1. Kettle转换执行流程
Kettle转换执行流程体现在Trans类的execute()方法,代码如下所示:
public void execute( String[] arguments ) throws KettleException {
prepareExecution( arguments );
startThreads();
}
1.1 prepareExecution流程分析
prepareExecution方法完成的主要工作是:
- 设置转换参数、变量
- 处理步骤之间数据传递是分发还是复制
- 初始化设置转换日志表、步骤日志表、性能记录表、添加一系列TransListener
- 构造StepMetaDataCombi对象集合,该对象负责传递Step,StepMeta以及StepData对象给RunThread
- 调用每个Step的init方法进行步骤初始化,确保所有Step的初始化都顺利进行,出错就提前结束所有步骤
- 步骤监控的初始化
1.2 startThreads流程分析
startThreads方法完成的主要工作是:
- TransListener和StepListener构造
- 当listener准备好之后就根据转换类型启动线程跑转换里的步骤,通过构造RunThread对象来执行步骤
- 当所有步骤完成会触发StepListener的stepFinished方法里面的fireTransFinishedListeners(),通知转换,步骤已经全部执行结束,转换可以结束了,设置相关参数并清理现场
核心StepListener构造片段代码如下所示:
StepListener stepListener = new StepListener() {
.....
public void stepFinished( Trans trans, StepMeta stepMeta, StepInterface step ) {
synchronized ( Trans.this ) {
nrOfFinishedSteps++;
if ( nrOfFinishedSteps >= steps.size() ) {
// Set the finished flag
//
setFinished( true );
// Grab the performance statistics one last time (if enabled)
//
addStepPerformanceSnapShot();
try {
fireTransFinishedListeners();
} catch ( Exception e ) {
step.setErrors( step.getErrors() + 1L );
log.logError( getName()
+ " : " + BaseMessages.getString( PKG, "Trans.Log.UnexpectedErrorAtTransformationEnd" ), e );
}
}
// If a step fails with an error, we want to kill/stop the others
// too...
//
if ( step.getErrors() > 0 ) {
log.logMinimal( BaseMessages.getString( PKG, "Trans.Log.TransformationDetectedErrors" ) );
log.logMinimal( BaseMessages.getString(
PKG, "Trans.Log.TransformationIsKillingTheOtherSteps" ) );
killAllNoWait();
}
}
}
};
// Make sure this is called first!
//
if ( sid.step instanceof BaseStep ) {
( (BaseStep) sid.step ).getStepListeners().add( 0, stepListener );
} else {
sid.step.addStepListener( stepListener );
}
fireTransFinishedListeners方法代码如下所示:
/**
* Make attempt to fire all registered listeners if possible.
*
* @throws KettleException
* if any errors occur during notification
*/
protected void fireTransFinishedListeners() throws KettleException {
// PDI-5229 sync added
synchronized ( transListeners ) {
if ( transListeners.size() == 0 ) {
return;
}
//prevent Exception from one listener to block others execution
List<KettleException> badGuys = new ArrayList<KettleException>( transListeners.size() );
for ( TransListener transListener : transListeners ) {
try {
transListener.transFinished( this );
} catch ( KettleException e ) {
badGuys.add( e );
}
}
// Signal for the the waitUntilFinished blocker...

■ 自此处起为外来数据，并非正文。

lemma poly_mat_of_int_mat_int_kernel:
  fixes C :: "int mat" and p :: "rat poly"
  assumes C: "C \<in> carrier_mat s s"
    and singular: "det (poly_mat (map_poly of_rat p) (map_mat of_int C)) = (0 :: complex)"
  shows "\<exists>k \<in> carrier_vec s. k \<noteq> 0\<^sub>v s \<and>
    poly_mat (map_poly of_rat p) (map_mat of_int C) *\<^sub>v map_vec of_int k = (0\<^sub>v s :: complex vec)"
proof -
  let ?Cc = "map_mat (of_int :: int \<Rightarrow> complex) C" and ?P = "map_poly (of_rat :: rat \<Rightarrow> complex) p"
  define Q where "Q = poly_mat p (map_mat rat_of_int C)"
  have Q: "Q \<in> carrier_mat s s" using C by (simp add: Q_def)
  have "map_mat of_rat Q = poly_mat ?P (map_mat of_rat (map_mat rat_of_int C))"
    unfolding Q_def by (rule of_rat_hom.poly_mat_hom) (use C in simp)
  also have "map_mat of_rat (map_mat rat_of_int C) = ?Cc" by (rule eq_matI) auto
  finally have PC: "poly_mat ?P ?Cc = map_mat of_rat Q" ..
  have "det Q = 0" using singular by (simp add: PC of_rat_hom.hom_det)
  then obtain k where k: "k \<in> carrier_vec s" "k \<noteq> 0\<^sub>v s" "Q *\<^sub>v map_vec of_int k = 0\<^sub>v s"
    using singular_rat_mat_int_kernel[OF Q] by blast
  have "map_vec of_rat (Q *\<^sub>v map_vec of_int k) =
      map_mat of_rat Q *\<^sub>v map_vec of_rat (map_vec of_int k)"
    by (rule of_rat_hom.mult_mat_vec_hom[OF Q]) (use k in simp)
  also have "map_vec of_rat (map_vec rat_of_int k) = map_vec (of_int :: int \<Rightarrow> complex) k"
    by (intro eq_vecI) auto
  finally have "poly_mat ?P ?Cc *\<^sub>v map_vec of_int k = map_vec of_rat (Q *\<^sub>v map_vec of_int k)"
    by (simp add: PC)
  also have "\<dots> = 0\<^sub>v s" using k(3) by (intro eq_vecI) auto
  finally show ?thesis using k by blast
qed

lemma poly_mat_kernel_lattice_point:
  fixes L :: "real mat" and C :: "int mat" and M :: "complex mat" and p :: "rat poly"
  assumes L: "L \<in> carrier_mat s s" "det L \<noteq> 0"
    and C: "C \<in> carrier_mat s s" and M: "M \<in> carrier_mat s s"
    and commute: "M * map_mat of_real L = map_mat of_real L * map_mat of_int C"
    and singular: "det (poly_mat (map_poly of_rat p) M) = 0"
  shows "\<exists>y \<in> lattice_of s L. y \<noteq> 0\<^sub>v s \<and> poly_mat (map_poly of_rat p) M *\<^sub>v map_vec of_real y = 0\<^sub>v s"
proof -
  let ?Lc = "map_mat complex_of_real L" and ?Cc = "map_mat (of_int :: int \<Rightarrow> complex) C"
  let ?P = "map_poly (of_rat :: rat \<Rightarrow> complex) p"
  have Lc: "?Lc \<in> carrier_mat s s" "det ?Lc \<noteq> 0" using L by (auto simp: of_real_hom.hom_det)
  have "det (poly_mat ?P ?Cc) = 0"
    using singular det_poly_mat_intertwine[OF M Lc(1) _ commute Lc(2)] C by simp
  then obtain k where k: "k \<in> carrier_vec s" "k \<noteq> 0\<^sub>v s" "poly_mat ?P ?Cc *\<^sub>v map_vec of_int k = 0\<^sub>v s"
    using poly_mat_of_int_mat_int_kernel[OF C] by blast
  have kc: "map_vec (of_int :: int \<Rightarrow> complex) k \<in> carrier_vec s" using k by simp
  define y where "y = L *\<^sub>v map_vec of_int k"
  have "y \<in> lattice_of s L" unfolding lattice_of_def y_def using k by auto
  moreover have "map_vec (of_int :: int \<Rightarrow> real) k \<in> carrier_vec s"
    and "map_vec (of_int :: int \<Rightarrow> real) k \<noteq> 0\<^sub>v s"
    using k by (auto simp: vec_eq_iff)
  then have "y \<noteq> 0\<^sub>v s"
    using det_0_iff_vec_prod_zero[OF L(1)] L(2) unfolding y_def by blast
  moreover have "poly_mat ?P M *\<^sub>v map_vec of_real y = 0\<^sub>v s"
  proof -
    have PM: "poly_mat ?P M \<in> carrier_mat s s" and PC: "poly_mat ?P ?Cc \<in> carrier_mat s s"
      using M C by auto
    have "map_vec of_real y = ?Lc *\<^sub>v map_vec of_int k"
      unfolding y_def using k
      by (simp add: of_real_hom.mult_mat_vec_hom[OF L(1)],
          intro arg_cong[of _ _ "(*\<^sub>v) ?Lc"] eq_vecI, auto)
    then have "poly_mat ?P M *\<^sub>v map_vec of_real y = (poly_mat ?P M * ?Lc) *\<^sub>v map_vec of_int k"
      using assoc_mult_mat_vec[OF PM Lc(1) kc] by simp
    also have "\<dots> = ?Lc *\<^sub>v (poly_mat ?P ?Cc *\<^sub>v map_vec of_int k)"
      using poly_mat_intertwine[OF M Lc(1) _ commute] assoc_mult_mat_vec[OF Lc(1) PC kc] C by simp
    also have "\<dots> = 0\<^sub>v s"
      using k(3) Lc(1) by (intro eq_vecI) auto
    finally show ?thesis .
  qed
  ultimately show ?thesis by blast
qed

lemma lattice_point_projections_nonzero:
  assumes L: "L \<in> carrier_mat s s" and "n \<le> s"
    and inj_par: "inj_on (pi_par n) (lattice_of s L)"
    and inj_perp: "inj_on (pi_perp s n) (lattice_of s L)"
    and y: "y \<in> lattice_of s L" "y \<noteq> 0\<^sub>v s"
  shows "pi_par n y \<noteq> 0\<^sub>v n" "pi_perp s n y \<noteq> 0\<^sub>v (s - n)"
proof -
  have "pi_par n (0\<^sub>v s) = 0\<^sub>v n" "pi_perp s n (0\<^sub>v s) = 0\<^sub>v (s - n)"
    using \<open>n \<le> s\<close> by (auto simp: pi_par_def pi_perp_def)
  then show "pi_par n y \<noteq> 0\<^sub>v n" "pi_perp s n y \<noteq> 0\<^sub>v (s - n)"
    using inj_onD[OF inj_par _ y(1) zero_in_lattice_of[OF L]]
      inj_onD[OF inj_perp _ y(1) zero_in_lattice_of[OF L]] y(2)
    by metis+
qed

lemma four_block_diag_mult_append_vec:
  assumes "A \<in> carrier_mat n n" "B \<in> carrier_mat m m" "u \<in> carrier_vec n" "w \<in> carrier_vec m"
  shows "four_block_mat A (0\<^sub>m n m) (0\<^sub>m m n) B *\<^sub>v (u @\<^sub>v w) = (A *\<^sub>v u) @\<^sub>v (B *\<^sub>v w)"
proof -
  have "0\<^sub>m n m *\<^sub>v w = 0\<^sub>v n" "0\<^sub>m m n *\<^sub>v u = 0\<^sub>v m"
    using assms by (auto intro!: eq_vecI)
  then show ?thesis
    using assms
    by (simp add: four_block_mat_mult_vec[OF assms(1) zero_carrier_mat zero_carrier_mat assms(2-4)])
qed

transFinishedBlockingQueue.add( new Object() );
if ( !badGuys.isEmpty() ) {
//FIFO
throw new KettleException( badGuys.get( 0 ) );
}
}
}
fireTransFinishedListeners方法负责通知所有的TransListener转换已经结束,通过调用
transListener.transFinished(this)
来完成通知。这个方法还负责解除waitUntilFinished方法调用的阻塞状态。waitUntilFinished方法在execute方法执行后调用可以等待转换结束或者出错才返回。这是因为该方法利用了一个阻塞队列(BlockingQueue)transFinishedBlockingQueue的poll方法来进行阻塞,而只有当上面讲到的fireTransFinishedListeners方法触发了,才会执行
// Signal for the the waitUntilFinished blocker...

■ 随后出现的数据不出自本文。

lemma closed_ball_top: "y \<in> Y \<Longrightarrow> closed_ball Y u top y = {y}"
  using ultrametric by (auto simp: closed_ball_def ultrametric_def top_unique)

lemma dist_in_Gamma: "a \<in> Y \<Longrightarrow> b \<in> Y \<Longrightarrow> u a b \<in> Gamma Y u"
  unfolding Gamma_def by blast

lemma top_in_Gamma: "y \<in> Y \<Longrightarrow> top \<in> Gamma Y u"
  using dist_in_Gamma dist_self by metis

lemma centre_in_closed_ball: "y \<in> Y \<Longrightarrow> y \<in> closed_ball Y u \<alpha> y"
  by (simp add: closed_ball_def dist_self)

lemma closed_ball_subset_closed_ball:
  assumes "p \<in> closed_ball Y u \<beta>1 c1" "p \<in> closed_ball Y u \<beta>2 c2" "c1 \<in> Y" "c2 \<in> Y" "\<beta>1 \<le> \<beta>2"
  shows "closed_ball Y u \<beta>2 c2 \<subseteq> closed_ball Y u \<beta>1 c1"
proof
  fix v assume v: "v \<in> closed_ball Y u \<beta>2 c2"
  have pY: "p \<in> Y" and vY: "v \<in> Y" using assms(1) v by (auto simp: closed_ball_def)
  have "\<beta>2 \<le> u p v"
    using dist_ge_trans[OF pY vY assms(4), of \<beta>2] assms(2) v dist_commute[OF pY assms(4)]
    by (auto simp: closed_ball_def)
  then have "\<beta>1 \<le> u c1 v"
    using dist_ge_trans[OF assms(3) vY pY, of \<beta>1] assms(1,5) by (auto simp: closed_ball_def)
  then show "v \<in> closed_ball Y u \<beta>1 c1" using vY by (auto simp: closed_ball_def)
qed

lemma closed_balls_nested:
  assumes "p \<in> closed_ball Y u \<beta>1 c1" "p \<in> closed_ball Y u \<beta>2 c2" "c1 \<in> Y" "c2 \<in> Y"
  shows "closed_ball Y u \<beta>2 c2 \<subseteq> closed_ball Y u \<beta>1 c1 \<or>
         closed_ball Y u \<beta>1 c1 \<subseteq> closed_ball Y u \<beta>2 c2"
  using closed_ball_subset_closed_ball[OF assms] closed_ball_subset_closed_ball[OF assms(2,1,4,3)]
  by (cases "\<beta>1 \<le> \<beta>2") auto

lemma closed_ball_recentre:
  assumes "p \<in> closed_ball Y u \<alpha> c" "c \<in> Y"
  shows "closed_ball Y u \<alpha> p = closed_ball Y u \<alpha> c"
proof -
  have pY: "p \<in> Y" using assms by (auto simp: closed_ball_def)
  show ?thesis
    using closed_ball_subset_closed_ball[OF assms(1) centre_in_closed_ball[OF pY] assms(2) pY]
      closed_ball_subset_closed_ball[OF centre_in_closed_ball[OF pY] assms(1) pY assms(2)]
    by auto
qed

lemma ball2_subset_closed_ball:
  assumes "a \<in> closed_ball Y u \<beta> c" "b \<in> closed_ball Y u \<beta> c" "c \<in> Y"
  shows "ball2 Y u a b \<subseteq> closed_ball Y u \<beta> c"
proof
  fix v assume v: "v \<in> ball2 Y u a b"
  have aY: "a \<in> Y" and bY: "b \<in> Y" and vY: "v \<in> Y"
    using assms v by (auto simp: closed_ball_def ball2_def)
  have "\<beta> \<le> u a b"
    using dist_ge_trans[OF aY bY assms(3)] assms dist_commute[OF aY assms(3)]
    by (auto simp: closed_ball_def)
  then have "\<beta> \<le> u a v" using v by (auto simp: ball2_def closed_ball_def)
  then have "\<beta> \<le> u c v"
    using dist_ge_trans[OF assms(3) vY aY] assms(1) by (auto simp: closed_ball_def)
  then show "v \<in> closed_ball Y u \<beta> c" using vY by (auto simp: closed_ball_def)
qed

lemma is_ball_subset: "is_ball Y u B \<Longrightarrow> B \<subseteq> Y"
  by (auto simp: is_ball_def is_closed_ball_def closed_ball_def)

lemma is_ball_nonempty: "is_ball Y u B \<Longrightarrow> B \<noteq> {}"
  by (auto simp: is_ball_def)

lemma is_ball_closed_ball: "y \<in> Y \<Longrightarrow> \<alpha> \<in> Gamma Y u \<Longrightarrow> is_ball Y u (closed_ball Y u \<alpha> y)"
  unfolding is_ball_def is_closed_ball_def
  by (rule exI[of _ "{closed_ball Y u \<alpha> y}"]) (auto intro: centre_in_closed_ball)

text \<open>The closed balls making up a ball all contain a common point, so any two of them are
  nested and one of them contains both given points.\<close>
lemma ball2_subset_is_ball:
  assumes B: "is_ball Y u B" and ab: "a \<in> B" "b \<in> B"
  shows "ball2 Y u a b \<subseteq> B"
proof -
  obtain C x where C: "\<forall>b\<in>C. is_closed_ball Y u b" "\<forall>b\<in>C. x \<in> b" "B = \<Union>C"
    using B by (auto simp: is_ball_def)
  obtain D1 D2 where D: "D1 \<in> C" "D2 \<in> C" "a \<in> D1" "b \<in> D2" using ab C(3) by auto
  obtain c1 \<beta>1 where 1: "c1 \<in> Y" "D1 = closed_ball Y u \<beta>1 c1"
    using C(1) D(1) by (auto simp: is_closed_ball_def)
  obtain c2 \<beta>2 where 2: "c2 \<in> Y" "D2 = closed_ball Y u \<beta>2 c2"
    using C(1) D(2) by (auto simp: is_closed_ball_def)
  have "D2 \<subseteq> D1 \<or> D1 \<subseteq> D2"
    using closed_balls_nested[of x \<beta>1 c1 \<beta>2 c2] C(2) D(1,2) 1 2 by auto
  then have "ball2 Y u a b \<subseteq> D1 \<or> ball2 Y u a b \<subseteq> D2"
    using ball2_subset_closed_ball[of a \<beta>1 c1 b] ball2_subset_closed_ball[of a \<beta>2 c2 b] D 1 2
    by auto
  then show ?thesis using D C(3) by auto
qed

definition lift_ball :: "('a \<Rightarrow> 'b) \<Rightarrow> 'a \<Rightarrow> 'b set \<Rightarrow> 'a set" where
  "lift_ball f y B' =
     {v \<in> Y. \<exists>\<alpha>\<in>Gamma Y u. v \<in> closed_ball Y u \<alpha> y \<and> f ` closed_ball Y u \<alpha> y \<subseteq> B'}"

lemma lift_ball_subset: "lift_ball f y B' \<subseteq> Y"
  by (auto simp: lift_ball_def)

lemma image_lift_ball_subset: "f ` lift_ball f y B' \<subseteq> B'"
  by (auto simp: lift_ball_def)

lemma closed_ball_subset_lift_ball:
  "y \<in> Y \<Longrightarrow> \<alpha> \<in> Gamma Y u \<Longrightarrow> f ` closed_ball Y u \<alpha> y \<subseteq> B' \<Longrightarrow>
   closed_ball Y u \<alpha> y \<subseteq> lift_ball f y B'"
  by (auto simp: lift_ball_def closed_ball_def)

lemma centre_in_lift_ball: "y \<in> Y \<Longrightarrow> f y \<in> B' \<Longrightarrow> y \<in> lift_ball f y B'"
  using closed_ball_subset_lift_ball[of y top f B'] top_in_Gamma closed_ball_top by simp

transFinishedBlockingQueue.add( new Object() );
来解除阻塞队列的阻塞状态。
1.3 RunThread.run()流程分析
一般情况下转换里的每个步骤隔离到单独的线程执行,步骤执行的逻辑代码表现在类RunThread(实现了Runnable接口)的run方法里面,核心逻辑很简单,调用step的processRow方法直到没有输入数据要处理表示该步骤已经结束,结束的时候会调用step.dispose清理现场资源,最后调用step.markStop()标记步骤已经停止,在markStop方法里面会回调所有StepListener的stepFinished方法(实现在BaseStep类里面),因此在Trans类的startThreads方法里面构造的核心StepListener方法将被调用。
RunThread的run方法代码如下所示:
public void run() {
try {
step.setRunning( true );
step.getLogChannel().snap( Metrics.METRIC_STEP_EXECUTION_START );
if ( log.isDetailed() ) {
log.logDetailed( BaseMessages.getString( "System.Log.StartingToRun" ) );
}
// Wait
while ( step.processRow( meta, data ) ) {
if ( step.isStopped() ) {
break;
}
}
} catch ( Throwable t ) {
try {
// check for OOME
if ( t instanceof OutOfMemoryError ) {
// Handle this different with as less overhead as possible to get an error message in the log.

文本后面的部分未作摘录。